This also applies to my own art by the way. Like, if you want to study my art to improve yours and you feel like you are at a point in your learning process where tracing my work directly would be beneficial to you, you can do that - just credit me.
And this part is definitely subjective so I am saying this for ME and you should not assume it is true for any other artists unless you ask them directly for permission and they say yes: genuinely you can trace my whole drawing exactly or use it as a base to make your own oc drawing if that's where you're at in your learning process, if you credit me and acknowledge you traced it.
@ me on it if you post it, let people know you were copying my work. let ME know you were copying my work. I will respect that. I might even boost it. Unless you've done something WILDLY disrespectful with it, if you credit me I will just be happy that I have inspired you to make art. I expect this to be a training-wheels phase in your journey - someday I hope you will be more comfortable freehanding your work in fair use ways and transforming your references without directly copying anybody.

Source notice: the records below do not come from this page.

(* Assume $\rho>(A-\delta)(1-\gamma)$. The function $v(x)=\nu\,G(x)^{1-\gamma}$, with $$\nu=\frac{1}{1-\gamma}\Big(\frac{\rho-(A-\delta)(1-\gamma)}{\gamma}\Big)^{-\gamma},$$ is (Fréchet) differentiable at every $x\in\mathcal X$, and for every $x\in\mathcal X\cap D(\mathcal A)$ it satisfies the HJB equation $$\rho\,v(x)-\mathcal H(x,Dv(x))=0 .$$
   Context: Parameters $A,\delta,\rho,\varepsilon,\eta,\tau>0$, $\gamma>0$, $\gamma\neq1$. $M^2=\mathbb{R}\times L^2([-\tau,0];\mathbb{R})$ with inner product $\langle x,y\rangle=x_0y_0+\int_{-\tau}^0x_1y_1$. $\mathcal A$ has domain $D(\mathcal A)=\{(x_0,x_1): x_1\in W^{1,2}([-\tau,0]),\ x_1(-\tau)=0\}$, $\mathcal A(x_0,x_1)=((A-\delta)x_0,-x_1')$. For $p\in M^2$, $\mathcal B^*p=-p_0+\varepsilon\int_{-\tau}^0e^{\eta s}p_1(s)ds$. For $x\in D(\mathcal A)$, $p\in M^2$, $c\ge x_1(0)$: $H_{CV}(x,p;c)=\frac{(c-x_1(0))^{1-\gamma}}{1-\gamma}+\langle\mathcal Ax,p\rangle+c\,\mathcal B^*p$ and $\mathcal H(x,p)=\sup_{c\ge x_1(0)}H_{CV}(x,p;c)$. Define $\kappa=\big(1-\varepsilon\int_{-\tau}^0e^{(A-\delta+\eta)s}ds,\ s\mapsto -e^{(A-\delta)s}\big)\in M^2$, $G(x)=\langle x,\kappa\rangle=\big(1-\varepsilon\int_{-\tau}^0e^{(A-\delta+\eta)s}ds\big)x_0-\int_{-\tau}^0e^{(A-\delta)s}x_1(s)ds$, and $\mathcal X=\{x\in M^2: G(x)>0\}$. *)

theory Defs
  imports "HOL-Analysis.Analysis"
begin

text \<open>Elements of M^2 = R x L^2([-tau,0]) are represented as pairs (x0, x1) with
  x1 :: real => real square integrable on [-tau,0] (values outside [-tau,0] are irrelevant).\<close>

type_synonym m2 = "real \<times> (real \<Rightarrow> real)"

definition L2 :: "real \<Rightarrow> (real \<Rightarrow> real) \<Rightarrow> bool" where
  "L2 \<tau> f \<longleftrightarrow> (\<lambda>s. indicator {-\<tau>..0} s * f s) \<in> borel_measurable lborel
     \<and> set_integrable lborel {-\<tau>..0} (\<lambda>s. (f s)\<^sup>2)"

definition M2 :: "real \<Rightarrow> m2 \<Rightarrow> bool" where
  "M2 \<tau> x \<longleftrightarrow> L2 \<tau> (snd x)"

definition ip :: "real \<Rightarrow> m2 \<Rightarrow> m2 \<Rightarrow> real" where
  "ip \<tau> x y = fst x * fst y + (LINT s:{-\<tau>..0}|lborel. snd x s * snd y s)"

But there is nothing dirty about doing that to learn if you are honest about what you're doing and not trying to pass off somebody else's work as your own because you want to appear to be more technically advanced than you are. We can still tell when you traced, and as my idol @nevarroes pointed out in the tags, so does the artist you traced from.
If you're just trying in earnest to learn and improve your art and you want to share it even though you had to do it with the tracing training wheels on, if you're copying someone's work because you respect it and find it inspiring and you want to learn something from it that will help you figure out your style that you're trying to develop toward, then you should want to be respectful toward that artist by crediting them.
And while I personally think that doing that in the first place is something you should be able to do, and posting your traced art should be fine, as long as proper credit is given - while I personally don't think you have to go ask permission to study someone's work in the first place - I do think if they express discomfort with it you should politely be respectful of that.
I think it should be fine to study each other's work in order to develop if you are just earnestly trying to get better on your own, I don't think you have to ask permission, but directly copying does demand directly crediting. And that's in a perfect world, but we live in an imperfect one: I think it should be fine to do this without asking permission first, but i don't make the rules and I respect that other artists may disagree, so that's why I said up top in this reblog addition that I recommend asking other artists permission first before tracing their work for study but I'm fine with you just taking blanket permission when it comes to my own work.
And if the artist says to stop or asks you to take it down, while I don't necessarily agree with that request if you acknowledged what you were doing and gave credit, I think it is still the correct and polite thing to respect the request anyway.
Nobody should have to reinvent the wheel to learn art, and I'm just glad if you're still drawing. But if your ultimate goal is to be respected as a peer among artists, you need to give credit where it's due.